lemma subgradient_method_regret:
  fixes X v :: "nat \<Rightarrow> 'a::real_inner"
  assumes step: "\<And>k. X (Suc k) = X k - \<gamma> k *\<^sub>R v k"
    and subgrad: "\<forall>k<K. is_subgradient (F k) (X k) (v k)"
    and pos: "\<And>k. 0 < \<gamma> k" and antimono: "\<And>k. \<gamma> (Suc k) \<le> \<gamma> k"
    and dist: "\<forall>k<K. (norm (X k - z))\<^sup>2 \<le> D" and "1 \<le> K"
  shows "2 * (\<Sum>k<K. F k (X k) - F k z) \<le> D / \<gamma> (K - 1) + (\<Sum>k<K. \<gamma> k * (norm (v k))\<^sup>2)"
proof -
  define a where "a k = (norm (X k - z))\<^sup>2" for k
  have "(\<Sum>k<K. (a k - a (Suc k)) / \<gamma> k) = (\<Sum>k<K. (1 / \<gamma> k) * (a k - a (Suc k)))"
    by simp
  also have "\<dots> \<le> (1 / \<gamma> (K - 1)) * (D - a K)"
    using dist \<open>1 \<le> K\<close> pos antimono unfolding a_def
    by (intro weighted_telescope_le) (auto intro: frac_le less_imp_le)
  also have "\<dots> \<le> D / \<gamma> (K - 1)"
    using pos[of "K - 1"] unfolding a_def by (simp add: divide_right_mono)
  finally have "(\<Sum>k<K. (a k - a (Suc k)) / \<gamma> k) \<le> D / \<gamma> (K - 1)" .
  moreover have "2 * (\<Sum>k<K. F k (X k) - F k z) \<le> (\<Sum>k<K. (a k - a (Suc k)) / \<gamma> k + \<gamma> k * (norm (v k))\<^sup>2)"
    unfolding sum_distrib_left a_def step
    using subgrad pos by (intro sum_mono subgradient_step_inequality) auto
  ultimately show ?thesis by (simp add: sum.distrib)
qed

lemma sum_inverse_sqrt_le: "(\<Sum>k<K. 1 / sqrt (real k + 1)) \<le> 2 * sqrt (real K)"
proof (induction K)
  case 0
  then show ?case by simp
next
  case (Suc K)
  have "2 * sqrt (real K) * sqrt (real K + 1) \<le> 2 * real K + 1"
    using arith_geo_mean_sqrt[of "real K" "real K + 1"] by (simp add: real_sqrt_mult)
  then have "2 * sqrt (real K) + 1 / sqrt (real K + 1) \<le> 2 * sqrt (real K + 1)"
    by (simp add: field_simps)
  then show ?case using Suc by (simp add: add.commute)
qed

lemma subgradient_method_regret_sqrt:
  fixes X v :: "nat \<Rightarrow> 'a::real_inner"
  assumes step: "\<And>k. X (Suc k) = X k - \<gamma> k *\<^sub>R v k"
    and subgrad: "\<forall>k<K. is_subgradient (F k) (X k) (v k)"
    and lower: "\<And>k. \<gamma>l / sqrt (real k + 1) \<le> \<gamma> k" and upper: "\<And>k. \<gamma> k \<le> \<gamma>b / sqrt (real k + 1)"
    and antimono: "\<And>k. \<gamma> (Suc k) \<le> \<gamma> k" and "0 < \<gamma>l"
    and dist: "\<forall>k<K. (norm (X k - z))\<^sup>2 \<le> D" and grad: "\<forall>k<K. (norm (v k))\<^sup>2 \<le> G" and "1 \<le> K"
  shows "2 * (\<Sum>k<K. F k (X k) - F k z) \<le> sqrt (real K) * (D / \<gamma>l + 2 * \<gamma>b * G)"
proof -
  have pos: "0 < \<gamma> k" for k
  proof -
    have "0 < \<gamma>l / sqrt (real k + 1)"
      using \<open>0 < \<gamma>l\<close> by simp
    then show ?thesis
      using lower[of k] by linarith
  qed
  have "0 \<le> D" and "0 \<le> G"
    using dist grad \<open>1 \<le> K\<close> by (meson less_le_trans order_trans zero_le_power2 zero_less_one)+
  have "\<gamma>l / sqrt (real K) \<le> \<gamma> (K - 1)"
    using lower[of "K - 1"] \<open>1 \<le> K\<close> by (simp add: of_nat_diff)
  then have "D / \<gamma> (K - 1) \<le> D / (\<gamma>l / sqrt (real K))"
    using \<open>0 \<le> D\<close> \<open>0 < \<gamma>l\<close> \<open>1 \<le> K\<close> by (intro divide_left_mono) (auto simp: pos)
  then have distance_term: "D / \<gamma> (K - 1) \<le> sqrt (real K) * (D / \<gamma>l)"
    by (simp add: mult.commute)
  have "(\<Sum>k<K. \<gamma> k * (norm (v k))\<^sup>2) \<le> (\<Sum>k<K. \<gamma>b * G * (1 / sqrt (real k + 1)))"
  proof (rule sum_mono)
    fix k assume "k \<in> {..<K}"
    then have "\<gamma> k * (norm (v k))\<^sup>2 \<le> \<gamma>b / sqrt (real k + 1) * G"
      using grad upper[of k] pos[of k] \<open>0 \<le> G\<close> by (intro mult_mono) auto
    then show "\<gamma> k * (norm (v k))\<^sup>2 \<le> \<gamma>b * G * (1 / sqrt (real k + 1))"
      by simp
  qed
  also have "\<dots> \<le> \<gamma>b * G * (2 * sqrt (real K))"
    unfolding sum_distrib_left[symmetric]
    using sum_inverse_sqrt_le[of K] upper[of 0] pos[of 0] \<open>0 \<le> G\<close> by (intro mult_left_mono) auto
  finally have gradient_term: "(\<Sum>k<K. \<gamma> k * (norm (v k))\<^sup>2) \<le> sqrt (real K) * (2 * \<gamma>b * G)"
    by (simp add: algebra_simps)
  show ?thesis
    using subgradient_method_regret[OF step subgrad pos antimono dist \<open>1 \<le> K\<close>] distance_term gradient_term
    by (simp add: algebra_simps)
qed

definition decsps_stepsize ::
  "(nat set \<Rightarrow> 'a::real_normed_vector \<Rightarrow> real) \<Rightarrow> (nat set \<Rightarrow> real) \<Rightarrow> (nat set \<Rightarrow> 'a \<Rightarrow> 'a)
   \<Rightarrow> (nat \<Rightarrow> real) \<Rightarrow> real \<Rightarrow> real \<Rightarrow> 'a \<Rightarrow> (nat \<Rightarrow> nat set) \<Rightarrow> nat \<Rightarrow> real" where
  "decsps_stepsize F l g c \<gamma>l \<gamma>b x0 w k = snd (decsps_state F l g c \<gamma>l \<gamma>b x0 w (Suc k)) / c k"

lemma decsps_state_prefix:
  "(\<forall>j<k. w j = w' j) \<Longrightarrow> decsps_state F l g c \<gamma>l \<gamma>b x0 w k = decsps_state F l g c \<gamma>l \<gamma>b x0 w' k"
  by (induction k) (auto simp: Let_def split_beta)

☆ ☆ ☆ ☆

**GOAL OF THE EXERCISE:** Repeat only what lies between the first line of the data and the line containing "(1 / \<gamma> (K", both of those lines included, exactly as it stands.

**SOLUTION:**
lemma subgradient_method_regret:
  fixes X v :: "nat \<Rightarrow> 'a::real_inner"
  assumes step: "\<And>k. X (Suc k) = X k - \<gamma> k *\<^sub>R v k"
    and subgrad: "\<forall>k<K. is_subgradient (F k) (X k) (v k)"
    and pos: "\<And>k. 0 < \<gamma> k" and antimono: "\<And>k. \<gamma> (Suc k) \<le> \<gamma> k"
    and dist: "\<forall>k<K. (norm (X k - z))\<^sup>2 \<le> D" and "1 \<le> K"
  shows "2 * (\<Sum>k<K. F k (X k) - F k z) \<le> D / \<gamma> (K - 1) + (\<Sum>k<K. \<gamma> k * (norm (v k))\<^sup>2)"
proof -
  define a where "a k = (norm (X k - z))\<^sup>2" for k
  have "(\<Sum>k<K. (a k - a (Suc k)) / \<gamma> k) = (\<Sum>k<K. (1 / \<gamma> k) * (a k - a (Suc k)))"
    by simp
  also have "\<dots> \<le> (1 / \<gamma> (K - 1)) * (D - a K)"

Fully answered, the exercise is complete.